Naturally, the function exclude can also be used after the function col:

exclude

result = df.select(pl.col(pl.Float64).exclude("^day_.*$"))
print(result)

exclude

let result = df
    .clone()
    .lazy()
    .select([dtype_col(&DataType::Float64).exclude(["^day_.*$"])])
    .collect()?;
println!("{}", result);

shape: (5, 3)
┌────────┬───────────┬──────────┐
│ price  ┆ year_high ┆ year_low │
│ ---    ┆ ---       ┆ ---      │
│ f64    ┆ f64       ┆ f64      │
╞════════╪═══════════╪══════════╡
│ 229.9  ┆ 237.23    ┆ 164.08   │
│ 138.93 ┆ 140.76    ┆ 39.23    │
│ 420.56 ┆ 468.35    ┆ 324.39   │
│ 166.41 ┆ 193.31    ┆ 121.46   │
│ 188.4  ┆ 201.2     ┆ 118.35   │
└────────┴───────────┴──────────┘

Column renaming

By default, when you apply an expression to a column, the result keeps the same name as the original column.

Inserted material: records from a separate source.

lemma gconv_S3_gen_S3_gen:
  assumes p: "p \<in> carrier G" "star p \<noteq> p" and q: "q \<in> carrier G" and z: "z \<in> carrier G"
  shows "gconv G (S3_gen p) (S3_gen q) z =
      (if z = p \<otimes> q then 1 else 0) + (if z = p \<otimes> star q then \<sigma> q else 0)
    + (if z = star p \<otimes> q then \<sigma> p else 0) + (if z = star p \<otimes> star q then \<sigma> p * \<sigma> q else 0)"
proof -
  have "gconv G (S3_gen p) (S3_gen q) z =
      (\<Sum>g\<in>{p, star p}. S3_gen p g * S3_gen q (inv g \<otimes> z))"
    using p z star_closed by (intro gconv_eq_sum_over_support) (auto simp: S3_gen_def gadd_def gsmult_def gdelta_def)
  then show ?thesis
    using p q z star_closed
    by (simp add: S3_gen_def gadd_def gsmult_def gdelta_def inv_solve_left' algebra_simps)
qed

lemma gconv_double_delta_S3_gen:
  assumes g: "g \<in> carrier G" and q: "q \<in> carrier G" and z: "z \<in> carrier G"
  shows "gconv G (double_delta g) (S3_gen q) z =
      (if z = g \<otimes> q then 2 else 0) + (if z = g \<otimes> star q then 2 * \<sigma> q else 0)"
proof -
  have "gconv G (double_delta g) (S3_gen q) z = (\<Sum>h\<in>{g}. double_delta g h * S3_gen q (inv h \<otimes> z))"
    using g z by (intro gconv_eq_sum_over_support) (auto simp: double_delta_def gsmult_def gdelta_def)
  then show ?thesis
    using g q z star_closed
    by (simp add: double_delta_def S3_gen_def gadd_def gsmult_def gdelta_def inv_solve_left')
qed
(* Let $m,n\ge 2$ and let $RC(3,m,n)$ be the set of all real vectors $\{P(a,b,c|x,y,z)\}_{a,b,c\in\{1,\dots,n\},\,x,y,z\in\{1,\dots,m\}}$ satisfying $P(a,b,c|x,y,z)\ge 0$, $\sum_{a,b,c}P(a,b,c|x,y,z)=1$ for all $x,y,z$, and the relativistic causal constraints: (i) $\sum_a P(a,b,c|x,y,z)=\sum_a P(a,b,c|x',y,z)$ for all $x,x',y,z,b,c$; (ii) $\sum_c P(a,b,c|x,y,z)=\sum_c P(a,b,c|x,y,z')$ for all $z,z',x,y,a,b$; (iii) $\sum_{b,c} P(a,b,c|x,y,z)=\sum_{b,c} P(a,b,c|x,y',z')$ for all $y,y',z,z',x,a$; (iv) $\sum_{a,b} P(a,b,c|x,y,z)=\sum_{a,b} P(a,b,c|x',y',z)$ for all $x,x',y,y',z,c$. Then the dimension of the polytope $RC(3,m,n)$ (i.e. of its affine hull in $\mathbb{R}^{(mn)^3}$) equals $$[m(n-1)+1]^{3}+m^{2}(m-1)(n-1)^{2}-1.$$ *)

theory Defs
  imports Complex_Main
begin

definition aff_independent :: "('i \<Rightarrow> real) list \<Rightarrow> bool" where
  "aff_independent ps \<longleftrightarrow>
     (\<forall>l::nat \<Rightarrow> real.
        (\<Sum>j<length ps. l j) = 0 \<and> (\<forall>i. (\<Sum>j<length ps. l j * (ps ! j) i) = 0)
        \<longrightarrow> (\<forall>j<length ps. l j = 0))"

definition affine_dimension :: "('i \<Rightarrow> real) set \<Rightarrow> int" where
  "affine_dimension S =
     (if S = {} then -1
      else int (GREATEST k. \<exists>ps. length ps = Suc k \<and> set ps \<subseteq> S \<and> aff_independent ps))"

type_synonym behaviour = "nat \<times> nat \<times> nat \<times> nat \<times> nat \<times> nat \<Rightarrow> real"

Preserving the column name can be semantically wrong and in certain cases Polars may even raise an error if duplicate names occur:

from polars.exceptions import DuplicateError

gbp_usd_rate = 1.31  # As of 14th October 2024

try:
    df.select(
        pl.col("price") / gbp_usd_rate,  # This would be named "price"...
        pl.col("price") / eur_usd_rate,  # And so would this.
    )
except DuplicateError as err:
    print("DuplicateError:", err)
let gbp_usd_rate = 1.31; // As of 14th October 2024

let result = df
    .clone()
    .lazy()
    .select([
        col("price") / lit(gbp_usd_rate),
        col("price") / lit(eur_usd_rate),
    ])
    .collect();
match result {
    Ok(df) => println!("{}", df),
    Err(e) => println!("{}", e),
};
DuplicateError: the name 'price' is duplicate

It's possible that multiple expressions are returning the same default column name. If this is the case, try renaming the columns with `.alias("new_name")` to avoid duplicate column names.

To prevent errors like this, and to allow users to rename their columns when appropriate, Polars provides a series of functions that let you change the name of a column or a group of columns.

Renaming a single column with alias

The function alias has been used thoroughly in the documentation already and it lets you rename a single column:

alias

result = df.select(
    (pl.col("price") / gbp_usd_rate).alias("price (GBP)"),
    (pl.col("price") / eur_usd_rate).alias("price (EUR)"),
)

alias

let _result = df
    .clone()
    .lazy()
    .select([
        (col("price") / lit(gbp_usd_rate)).alias("price (GBP)"),
        (col("price") / lit(eur_usd_rate)).alias("price (EUR)"),
    ])
    .collect()?;

Prefixing and suffixing column names

When using expression expansion you cannot use the function alias because the function alias is designed specifically to rename a single column.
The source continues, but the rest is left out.